Real Estate: Insurtech Lemonade Shares Strategies for Making Well-Planned Down Payments on Properties

Insurtech firm Lemonade has shared some important information regarding making down payments on properties.

Team Lemonade (NYSE:LMND) writes in a blog post that when someone says they are “saving up” for a home, what they’re “really doing is saving up for a down payment.” The Lemonade team points out that it’s quite rare that someone “arrives with a property’s full value in cash.” However, this might actually be taking place a lot more in the current “feverish” real estate market, Lemonade claims.

The Insurtech company adds that a down payment is the large amount of funds that people decide be put towards the purchase of their homes, after which they’ll be paying off the remaining amount via manageable monthly payments (facilitated or supported by a mortgage loan). Lemonade explains that this may take anywhere between 20-30 years, before you are able to actually own the property.

For many people, the down payment is the “real hurdle in the way of homeownership,” Lemonade claims, while adding that monthly mortgage payments may actually end up being equivalent to what someone could pay in rent in the same location. However, to get to that point, “a prospective homebuyer first needs to have that down payment upfront, which could mean having an extra $30,000 or more in the bank,” the Lemonade team explained.

Lemonade’s blog post further noted:

“The more you put toward your down payment, the better your interest rate may be … If you borrow less, you’ll have less to pay back, and will owe less in total interest. Mortgage lenders and banks usually offer better interest rates when your loan-to-value (LTV) ratio is lower. Your loan-to-value ratio (expressed as a percentage) is how banks decide how risky you are before approving you for a home loan.”

Lemonade’s blog also mentioned that a bigger down payment also “increases your home equity—the unborrowed value of your home, which you can then borrow against for refinancing, but with a lower interest rate.”

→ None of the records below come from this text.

(* Let $\mathscr T$ be a functor satisfying (T1)–(T4) and $\mathfrak K=(K,\bigsqcup,\odot,{}^*,{\sim},e)$ a $\mathscr T$-based orthomodular dynamic algebra. Then $\mathfrak K$, $\mathscr P(\mathscr T(\mathbf{Lin}(\widetilde{\mathfrak K})))$ and $(\mathscr P(\mathscr T(K)),\bigcup,\boxdot,{}^\star,\boxtimes,\{e\})$ are mutually isomorphic $\mathscr T$-based orthomodular dynamic algebras.
   Context: Here $h\colon K\to\mathscr P(\mathscr T(K))$ is $h(v)=\{w\in\mathscr T(K)\mid w\sqsubseteq v\}$, and on the powerset $\mathscr P(\mathscr T(K))$: $A\boxdot B=h(\bigsqcup A\odot\bigsqcup B)$, $A^\star=h((\bigsqcup A)^* )$, $\boxtimes A=h({\sim}\bigsqcup A)$, joins are unions, unit $\{e\}$. $\widetilde{\mathfrak K}$ denotes the complete orthomodular lattice $(\widetilde K,\preceq,{}^\perp)$. An involutive unital quantale is $(Q,\bigsqcup,\odot,{}^*,e)$: complete join-semilattice $Q$ (order $\sqsubseteq$), associative $\odot$ distributing over arbitrary joins in each argument, unit $e$, ${}^*$ with $x^{**}=x$, $(x\odot y)^*=y^*\odot x^*$, $(\bigsqcup x_i)^*=\bigsqcup x_i^*$. An involutive generalized dynamic algebra (IDA) is such a quantale with ${\sim}\colon K\to K$ satisfying, for all $x,y$ and families $(x_i)$: ${\sim}(x\odot{\sim}{\sim}y)={\sim}(x\odot y)$; ${\sim}(\bigsqcup{\sim}{\sim}x_i)={\sim}(\bigsqcup x_i)$; $({\sim}x)^*={\sim}x$; ${\sim}{\sim}({\sim}{\sim}x\odot y)={\sim}({\sim}x\sqcup{\sim}({\sim}x\sqcup y))$. Test set $\widetilde K=\{{\sim}k\}$; $\bigvee W={\sim}{\sim}\bigsqcup W$; $w^\perp={\sim}w$; $k\preceq l$ iff $\bigvee\{k,l\}=l$; $k\bullet v={\sim}{\sim}(k\odot v)$; $k\equiv l$ iff $k\bullet w=l\bullet w$ for all $w\in\widetilde K$. IDA morphisms preserve arbitrary joins, $\odot$, ${}^*$, unit, ${\sim}$ (category $\mathbb{IDA}$); isomorphisms are bijective morphisms; semi-Foulis means $(\widetilde K,\preceq,{}^\perp)$ is a complete orthomodular lattice. $\mathbb{IM}$: involutive monoids and homomorphisms. For a complete orthomodular lattice $\mathcal M$: $\pi_m(x)=m\wedge(m^\perp\vee x)$; $\mathbf{Lin}(\mathcal M)$ is the set of maps $f$ admitting $f^*$ with $f(x)\le y^\perp\iff x\le f^*(y)^\perp$, an IDA under pointwise joins, composition, ${}^*$, $\mathrm{id}$, ${\sim}f=\pi_{f(1)^\perp}$. For an involutive submonoid $L\supseteq\{\pi_m\}$, $\mathscr P(L)$ is the IDA of subsets of $L$ with union, setwise composition and involution, unit $\{\mathrm{id}\}$, ${\sim}A=\{\pi_{(\bigvee_{a\in A}a(1))^\perp}\}$. $\mathscr T\colon\mathbb{IDA}\to\mathbb{IM}$ satisfies: (T1) $\widetilde K\subseteq\mathscr T(K)\subseteq K$, $\mathscr T(K)$ an involutive submonoid; (T2) for semi-Foulis $\mathfrak K$ with $s=t\iff s\equiv t$ on $\mathscr T(K)$, $k\mapsto k\bullet(-)$ is an isomorphism $\mathscr T(\mathfrak K)\to\mathscr T(\mathbf{Lin}(\widetilde{\mathfrak K}))$; (T3) $f\mapsto\{f\}$ is an isomorphism $\mathscr T(\mathbf{Lin}(\mathcal M))\to\mathscr T(\mathscr P(\mathscr T(\mathbf{Lin}(\mathcal M))))$; (T4) $\mathscr T(f)$ is the restriction of $f$. A $\mathscr T$-based orthomodular dynamic algebra is an IDA with: (TODA1) $(\widetilde K,\preceq,{}^\perp)$ a complete orthomodular lattice; (TODA2) every $A$ with $\mathscr T(K)\subseteq A\subseteq K$ closed under $\odot$, ${}^*$, arbitrary joins equals $K$; (TODA3) for $S,T\subseteq\mathscr T(K)$, $\bigsqcup S=\bigsqcup T$ iff $S=T$; (TODA4) for $s,t\in\mathscr T(K)$, $s=t$ iff $s\equiv t$. *)

theory Defs
  imports Main "HOL-Library.FuncSet"
begin

section \<open>Involutive generalized dynamic algebras (IDAs)\<close>

record 'a ida =
  ida_carrier :: "'a set"
  ida_Sup :: "'a set \<Rightarrow> 'a"
  ida_mult :: "'a \<Rightarrow> 'a \<Rightarrow> 'a"
  ida_inv :: "'a \<Rightarrow> 'a"
  ida_neg :: "'a \<Rightarrow> 'a"
  ida_unit :: 'a

definition ida_le :: "('a, 'z) ida_scheme \<Rightarrow> 'a \<Rightarrow> 'a \<Rightarrow> bool" where
  "ida_le K x y \<longleftrightarrow> ida_Sup K {x, y} = y"

definition is_ida :: "('a, 'z) ida_scheme \<Rightarrow> bool" where
  "is_ida K \<longleftrightarrow>
    (let C = ida_carrier K; J = ida_Sup K; m = ida_mult K; s = ida_inv K;
         n = ida_neg K; e = ida_unit K; le = ida_le K in
      \<comment> \<open>closure\<close>
      (\<forall>A\<subseteq>C. J A \<in> C) \<and> (\<forall>x\<in>C. \<forall>y\<in>C. m x y \<in> C) \<and> (\<forall>x\<in>C. s x \<in> C) \<and>
      (\<forall>x\<in>C. n x \<in> C) \<and> e \<in> C \<and>
      \<comment> \<open>complete join-semilattice\<close>
      (\<forall>x\<in>C. le x x) \<and> (\<forall>x\<in>C. \<forall>y\<in>C. le x y \<and> le y x \<longrightarrow> x = y) \<and>
      (\<forall>x\<in>C. \<forall>y\<in>C. \<forall>z\<in>C. le x y \<and> le y z \<longrightarrow> le x z) \<and>
      (\<forall>A\<subseteq>C. (\<forall>a\<in>A. le a (J A)) \<and> (\<forall>u\<in>C. (\<forall>a\<in>A. le a u) \<longrightarrow> le (J A) u)) \<and>
      \<comment> \<open>unital quantale\<close>
      (\<forall>x\<in>C. \<forall>y\<in>C. \<forall>z\<in>C. m (m x y) z = m x (m y z)) \<and>
      (\<forall>x\<in>C. m e x = x \<and> m x e = x) \<and>
      (\<forall>x\<in>C. \<forall>A\<subseteq>C. m x (J A) = J ((\<lambda>a. m x a) ` A) \<and> m (J A) x = J ((\<lambda>a. m a x) ` A)) \<and>
      \<comment> \<open>involution\<close>
      (\<forall>x\<in>C. s (s x) = x) \<and> (\<forall>x\<in>C. \<forall>y\<in>C. s (m x y) = m (s y) (s x)) \<and>
      (\<forall>A\<subseteq>C. s (J A) = J (s ` A)) \<and>
      \<comment> \<open>IDA axioms for sim\<close>
      (\<forall>x\<in>C. \<forall>y\<in>C. n (m x (n (n y))) = n (m x y)) \<and>
      (\<forall>A\<subseteq>C. n (J ((\<lambda>x. n (n x)) ` A)) = n (J A)) \<and>
      (\<forall>x\<in>C. s (n x) = n x) \<and>
      (\<forall>x\<in>C. \<forall>y\<in>C. n (n (m (n (n x)) y)) = n (J {n x, n (J {n x, y})})))"

definition ida_tests :: "('a, 'z) ida_scheme \<Rightarrow> 'a set" where
  "ida_tests K = ida_neg K ` ida_carrier K"

definition tvee :: "('a, 'z) ida_scheme \<Rightarrow> 'a set \<Rightarrow> 'a" where
  "tvee K W = ida_neg K (ida_neg K (ida_Sup K W))"

definition tle :: "('a, 'z) ida_scheme \<Rightarrow> 'a \<Rightarrow> 'a \<Rightarrow> bool" where
  "tle K k l \<longleftrightarrow> tvee K {k, l} = l"

definition bullet :: "('a, 'z) ida_scheme \<Rightarrow> 'a \<Rightarrow> 'a \<Rightarrow> 'a" where
  "bullet K k v = ida_neg K (ida_neg K (ida_mult K k v))"

definition tequiv :: "('a, 'z) ida_scheme \<Rightarrow> 'a \<Rightarrow> 'a \<Rightarrow> bool" where
  "tequiv K k l \<longleftrightarrow> (\<forall>w\<in>ida_tests K. bullet K k w = bullet K l w)"

record 'a oml =
  oml_carrier :: "'a set"
  oml_le :: "'a \<Rightarrow> 'a \<Rightarrow> bool"
  oml_perp :: "'a \<Rightarrow> 'a"

definition tests_oml :: "('a, 'z) ida_scheme \<Rightarrow> 'a oml" where
  "tests_oml K = \<lparr>oml_carrier = ida_tests K, oml_le = tle K, oml_perp = ida_neg K\<rparr>"

definition oml_is_lub :: "'a oml \<Rightarrow> 'a set \<Rightarrow> 'a \<Rightarrow> bool" where
  "oml_is_lub M S x \<longleftrightarrow> x \<in> oml_carrier M \<and> (\<forall>s\<in>S. oml_le M s x) \<and>
     (\<forall>u\<in>oml_carrier M. (\<forall>s\<in>S. oml_le M s u) \<longrightarrow> oml_le M x u)"

definition oml_is_glb :: "'a oml \<Rightarrow> 'a set \<Rightarrow> 'a \<Rightarrow> bool" where
  "oml_is_glb M S x \<longleftrightarrow> x \<in> oml_carrier M \<and> (\<forall>s\<in>S. oml_le M x s) \<and>
     (\<forall>u\<in>oml_carrier M. (\<forall>s\<in>S. oml_le M u s) \<longrightarrow> oml_le M u x)"

definition oml_Sup :: "'a oml \<Rightarrow> 'a set \<Rightarrow> 'a" where
  "oml_Sup M S = (THE x. oml_is_lub M S x)"

definition oml_Inf :: "'a oml \<Rightarrow> 'a set \<Rightarrow> 'a" where
  "oml_Inf M S = (THE x. oml_is_glb M S x)"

According to Lemonade, there are clear advantages or benefits to making a 20% down payment. However, the insurance tech firm clarifies that it’s “by no means what you have to put down.” Housing Wire reveals that the average down payment on a property or home in the past 5 years has been “5% to 7%,” Lemonade’s blog noted.

The company explained that the type of loan you choose will have “an impact on how much you put down (and the length of the loan).” For instance, a conventional or traditional loan has “a minimum 3% down payment, and is either 15 years long or 30 years long,” Lemonade noted while adding that “an FHA (Federal-Housing Association) loan has a 3.5% minimum down payment.”

As mentioned in the firm’s blog, a “smaller down payment means you can buy a home sooner, and you’ll have some cash available for other costs like repairs and home improvements.”

However, a smaller down payment “makes your monthly mortgage payments larger, and you’ll likely have to include Private Mortgage Insurance,” the Lemonade team explained.

Lemonade added that if you are unable to make a 20% down payment, then your lender will probably have you pay Private Mortgage Insurance (PMI). As noted by the company, this may be due to the fact that your bank or lender “sees less someone putting less than 20% down as a riskier loan and wants some insurance in case you can’t make your mortgage payments.”

Lemonade further noted:

“PMIs are around 0.5% and 1% of the mortgage (annually), with these fees included in the monthly mortgage payments. You can drop PMI when you’ve reached 80% of your home equity.”

Lemonade also mentioned that you might have been working hard to save up for that down payment. However, the company clarifies that you need not forget that a bank will not provide a mortgage plan “without a certain amount of money left in your bank account.”

Lemonade added:

“Also known as a cash reserve requirement, banks and lenders will want you to be able to make your monthly payments at least for the first 2 to 3 months. You’ll need to prove you have liquid funds available either in checking or savings accounts (it’s possible that your bank will also be okay with money held in the form of stocks, bonds, 401(k)s, and other financial instruments).” 

For example, if your monthly mortgage payments are around $1,500, then in this case your lender may want to “see at least $3,000 available,” Lemonade explained.

The company further noted that it’s not simply your monthly mortgage payments that you will have to make on a regular basis. There’s also “the closing costs which include title insurance, homeowners insurance, home inspection and more,” Lemonade added.

Zillow reveals that your closing costs will “range between 2% and 5% of your purchase price.” So if you purchase a property for around $250,000, then you “should expect to pay between $5,000 and $10,000 on your closing costs,” Lemonade’s blog noted.

The Lemonade team concluded:

“If you’ve been saving for a down payment but can’t seem to make it work, a down payment assistance program (like an FHA loan or VA loans) might help. These programs offer funding from government agencies, nonprofits and unions that can act as loans until you move in, or some you might not even need to pay back. Homeownership can seem like a financial impossibility, but it might be closer than you think.”